Так я познакомился с экзистенциализмом, который захватил меня целиком, и без которого я уже не представлял своей жизни. С этим учителем мы стали хорошими друзьями, и при выпуске из школы, которую мне не без труда, но все-таки удалось закончить, он преподнес мне подарок, ценность которого, мог оценить только я один во всей это школе. Это был тот самый роман Сартра, книга была новой и, судя по всему, недешевой. Я был очень благодарен ему и храню ее до сих пор, как самую ценную вещь, которой мне приходилось владеть. На обороте он написал: «Самому плохому ученику в истории школы, но самому лучшему ученику в моей жизни».
Он умер через восемь лет после того, как я закончил школу, и я был единственным учеником, который шел за гробом. Застать его живым мне не удалось, к тому времени мы с матерью жили уже в другом городе, но на похоронах, при прощании, мне удалось незаметно положить в его гроб фотографию Сартра – нашего с ним любимого писателя, которую я еще тогда, только познакомившись с его творчеством, вырвал из библиотечной книги. В последний путь его провожали совсем немногие, мне было так жаль, что я не навестил его ни разу за эти годы, по сути он был единственным человеком, который меня понимал и не пытался изменить. Я стоял над могилой, в которую уже опустили гроб, и не мог поверить, что больше никогда не увижу его глаз, всегда с хитрецой смотревших на меня, не пожму его жилистую крепкую руку, не попрошу у него сигарету, не смогу поговорить о прочитанной книге или просто помолчать вместе с ним.
Сейчас, сидя за рулем, я отдавал себе отчет в том, что именно мои воззрения, сформировавшиеся под воздействием той литературы, которую я бесконечно много читал, повлияли на моего друга, утвердив его решение сделать то, ради чего мы уже несколько часов мчимся по бескрайней пустыне, в сердце которой один из нас должен будет остаться навсегда.
Становилось невыносимо жарко, а мы все ехали и ехали по пустыне, которой не было видно конца. Ни одной попутки не встретилось нам за несколько часов, от монотонного рева двигателя все звуки превратились в один нескончаемый гул, в котором не было никаких иных тембров, кроме этого гула. Я был уверен, что мотор перегрелся и может сдаться, но он исправно делал свое дело и, взявши в самом начале дороги одну высоту в этой долгой музыкальной фразе, держал ее все это время, не понижая и не форсируя.

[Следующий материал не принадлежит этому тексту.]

(* Let $f\in C^1[0,1]$ with $f(0)=0$, $h:=f'$, $q$ satisfying (q), and $c^*$ as below. Let $c_2>c_1\ge c^*$, and let $z_1$, $z_2$ be solutions of $(P_{c_1})$ and $(P_{c_2})$ respectively. If $z_1(1)\le z_2(1)$, then $z_1(\varphi)<z_2(\varphi)$ for all $\varphi\in(0,1)$.
   Context: Condition (q): $q\in C[0,1]$, $q>0$ on $(0,1)$, $q(0)=q(1)=0$, and $\limsup_{\varphi\to0^+}q(\varphi)/\varphi<+\infty$. For $c\in\mathbb R$, a solution of problem $(P_c)$ is a function $z\in C[0,1]\cap C^1(0,1)$ with $\dot z(\varphi)=h(\varphi)-c-q(\varphi)/z(\varphi)$ and $z(\varphi)<0$ for all $\varphi\in(0,1)$, and $z(0)=0$. A solution of $(P^{00}_c)$ is a solution of $(P_c)$ which also satisfies $z(1)=0$. $c^*$ denotes the real number such that $(P^{00}_c)$ has a solution iff $c\ge c^*$ (that solution being unique). *)

theory Defs
  imports "HOL-Analysis.Analysis"
begin

definition cond_q :: "(real \<Rightarrow> real) \<Rightarrow> bool" where
  "cond_q q \<longleftrightarrow> continuous_on {0..1} q \<and> (\<forall>\<phi>\<in>{0<..<1}. q \<phi> > 0) \<and> q 0 = 0 \<and> q 1 = 0 \<and>
     Limsup (at_right 0) (\<lambda>\<phi>. ereal (q \<phi> / \<phi>)) < \<infinity>"

definition sol_P :: "(real \<Rightarrow> real) \<Rightarrow> (real \<Rightarrow> real) \<Rightarrow> real \<Rightarrow> (real \<Rightarrow> real) \<Rightarrow> bool" where
  "sol_P h q c z \<longleftrightarrow> continuous_on {0..1} z \<and>
     (\<forall>\<phi>\<in>{0<..<1}. z differentiable (at \<phi>)) \<and> continuous_on {0<..<1} (deriv z) \<and>
     (\<forall>\<phi>\<in>{0<..<1}. deriv z \<phi> = h \<phi> - c - q \<phi> / z \<phi> \<and> z \<phi> < 0) \<and> z 0 = 0"

definition sol_P00 :: "(real \<Rightarrow> real) \<Rightarrow> (real \<Rightarrow> real) \<Rightarrow> real \<Rightarrow> (real \<Rightarrow> real) \<Rightarrow> bool" where
  "sol_P00 h q c z \<longleftrightarrow> sol_P h q c z \<and> z 1 = 0"

end

theory Submission
  imports Defs
begin

text \<open>Put \<open>w = z\<^sub>2 - z\<^sub>1\<close>. Wherever \<open>z\<^sub>2 \<le> z\<^sub>1 < 0\<close>, the two differential equations give
  \<open>w' = -(c\<^sub>2 - c\<^sub>1) + q w / (z\<^sub>1 z\<^sub>2) < 0\<close>. Hence once \<open>w\<close> is nonpositive at some point of
  \<open>(0,1)\<close> it stays nonpositive and strictly decreases up to \<open>1\<close>, which forces \<open>z\<^sub>2(1) < z\<^sub>1(1)\<close>.\<close>

lemma nonpos_stays_nonpos:
  fixes w w' :: "real \<Rightarrow> real"
  assumes cont: "continuous_on {a..b} w"
    and deriv: "\<And>x. x \<in> {a..<b} \<Longrightarrow> (w has_real_derivative w' x) (at x)"
    and neg: "\<And>x. x \<in> {a..<b} \<Longrightarrow> w x \<le> 0 \<Longrightarrow> w' x < 0"
    and wa: "w a \<le> 0" and t: "t \<in> {a..b}"
  shows "w t \<le> 0"
proof (rule ccontr)
  assume wt: "\<not> w t \<le> 0"
  define S where "S = {a..t} \<inter> w -` {..0}"
  have "continuous_on {a..t} w" using continuous_on_subset[OF cont] t by auto
  then have "closed S" unfolding S_def by (intro continuous_closed_preimage) auto
  moreover have "a \<in> S" using wa t unfolding S_def by auto
  moreover have bdd: "bdd_above S" unfolding S_def by (auto intro: bdd_above_Int1)
  ultimately have "Sup S \<in> S" using closed_contains_Sup by blast
  define s where "s = Sup S"
  have ws: "w s \<le> 0" and s: "a \<le> s" "s \<le> t" using \<open>Sup S \<in> S\<close> unfolding s_def S_def by auto
  have "s < t" using ws wt s by (cases "s = t") auto
  then have sab: "s \<in> {a..<b}" using s t by auto
  obtain d where d: "d > 0" "\<And>e. e > 0 \<Longrightarrow> e < d \<Longrightarrow> w (s + e) < w s"
    using DERIV_neg_dec_right[OF deriv[OF sab] neg[OF sab ws]] by blast
  define e where "e = min (d/2) ((t - s)/2)"
  have e: "0 < e" "e < d" "s + e \<le> t"
    using d(1) \<open>s < t\<close> unfolding e_def by (auto simp: min_def field_simps)
  have "s + e \<in> S" using d(2)[OF e(1,2)] ws e s unfolding S_def by auto
  then have "s + e \<le> s" unfolding s_def using bdd by (rule cSup_upper)
  then show False using e(1) by linarith
qed

lemma nonpos_strictly_decreasing:
  fixes w w' :: "real \<Rightarrow> real"
  assumes ab: "a < b" and cont: "continuous_on {a..b} w"
    and deriv: "\<And>x. x \<in> {a..<b} \<Longrightarrow> (w has_real_derivative w' x) (at x)"
    and neg: "\<And>x. x \<in> {a..<b} \<Longrightarrow> w x \<le> 0 \<Longrightarrow> w' x < 0"
    and wa: "w a \<le> 0"
  shows "w b < w a"
proof -
  have "w differentiable (at x)" if "a < x" "x < b" for x
    using deriv[of x] that real_differentiable_def by auto
  then obtain l x where x: "a < x" "x < b" "(w has_real_derivative l) (at x)"
    and mvt: "w b - w a = (b - a) * l"
    using MVT[OF ab cont] by blast
  have "l = w' x" using DERIV_unique[OF x(3) deriv] x by auto
  moreover have "w x \<le> 0" using nonpos_stays_nonpos[OF cont deriv neg wa] x by auto
  ultimately have "l < 0" using neg x by auto
  then have "(b - a) * l < 0" using ab by (simp add: mult_pos_neg)
  then show ?thesis using mvt by linarith
qed

lemma sol_P_has_derivative:
  assumes "sol_P h q c z" "x \<in> {0<..<1}"
  shows "(z has_real_derivative (h x - c - q x / z x)) (at x)"
  using assms unfolding sol_P_def by (metis DERIV_deriv_iff_real_differentiable)

lemma riccati_rhs_diff_neg:
  fixes z1 z2 q :: real
  assumes "z1 < 0" "z2 < 0" "z2 \<le> z1" "q > 0" "c1 < c2"
  shows "(h - c2 - q / z2) - (h - c1 - q / z1) < 0"
proof -
  have "(h - c2 - q / z2) - (h - c1 - q / z1) = -(c2 - c1) + q * (z2 - z1) / (z1 * z2)"
    using assms by (simp add: field_simps)
  moreover have "q * (z2 - z1) / (z1 * z2) \<le> 0"
    using assms by (intro divide_nonpos_pos mult_nonneg_nonpos) (auto intro: mult_neg_neg)
  ultimately show ?thesis using assms by linarith
qed

theorem corollary5p2:
  fixes f h q z1 z2 :: "real \<Rightarrow> real" and cstar c1 c2 :: real
  assumes f_deriv: "\<forall>x\<in>{0..1}. (f has_real_derivative h x) (at x within {0..1})"
    and h_cont: "continuous_on {0..1} h"
    and f0: "f 0 = 0"
    and q: "cond_q q"
    and cstar: "\<forall>c. (\<exists>z. sol_P00 h q c z) \<longleftrightarrow> c \<ge> cstar"
    and cstar_uniq: "\<forall>c z w. sol_P00 h q c z \<longrightarrow> sol_P00 h q c w \<longrightarrow> (\<forall>\<phi>\<in>{0..1}. z \<phi> = w \<phi>)"
    and c12: "c2 > c1" "c1 \<ge> cstar"
    and z1: "sol_P h q c1 z1" and z2: "sol_P h q c2 z2"
    and z12: "z1 1 \<le> z2 1"
  shows "\<forall>\<phi>\<in>{0<..<1}. z1 \<phi> < z2 \<phi>"
proof (rule ccontr)
  define w where "w = (\<lambda>x. z2 x - z1 x)"
  define w' where "w' = (\<lambda>x. (h x - c2 - q x / z2 x) - (h x - c1 - q x / z1 x))"
  assume "\<not> (\<forall>\<phi>\<in>{0<..<1}. z1 \<phi> < z2 \<phi>)"
  then obtain p where p: "p \<in> {0<..<1}" "w p \<le> 0" unfolding w_def by force
  have "continuous_on {p..1} w"
    using z1 z2 p unfolding sol_P_def w_def
    by (auto intro!: continuous_intros elim: continuous_on_subset)
  moreover have "(w has_real_derivative w' x) (at x)" if "x \<in> {p..<1}" for x
    unfolding w_def w'_def
    using that p by (intro DERIV_diff sol_P_has_derivative[OF z2] sol_P_has_derivative[OF z1]) auto
  moreover have "w' x < 0" if "x \<in> {p..<1}" "w x \<le> 0" for x
    using that p z1 z2 q c12(1) unfolding sol_P_def cond_q_def w_def w'_def
    by (intro riccati_rhs_diff_neg) auto
  ultimately have "w 1 < w p"
    using nonpos_strictly_decreasing[of p 1 w w'] p by fastforce
  then show False using p z12 unfolding w_def by auto
qed

end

Я вдруг поймал себя на мысли, что мы стоим на месте, но как это могло произойти, я не понял. Все было так же, как и все последние несколько часов: и гул, и жара, и мелькавшие по сторонам редкие кустарники – но я был уверен, что мы стоим на месте, но весь остальной мир пришел в движение и несется с еще большей скоростью нам на встречу, ускоряясь с каждой секундой. Я вдруг увидел свой бьюик с большой высоты, и он был единственной неподвижной точкой вокруг ожившего и летящего вперед мира. Я решил, что жара окончательно доконала меня, и я теряю рассудок.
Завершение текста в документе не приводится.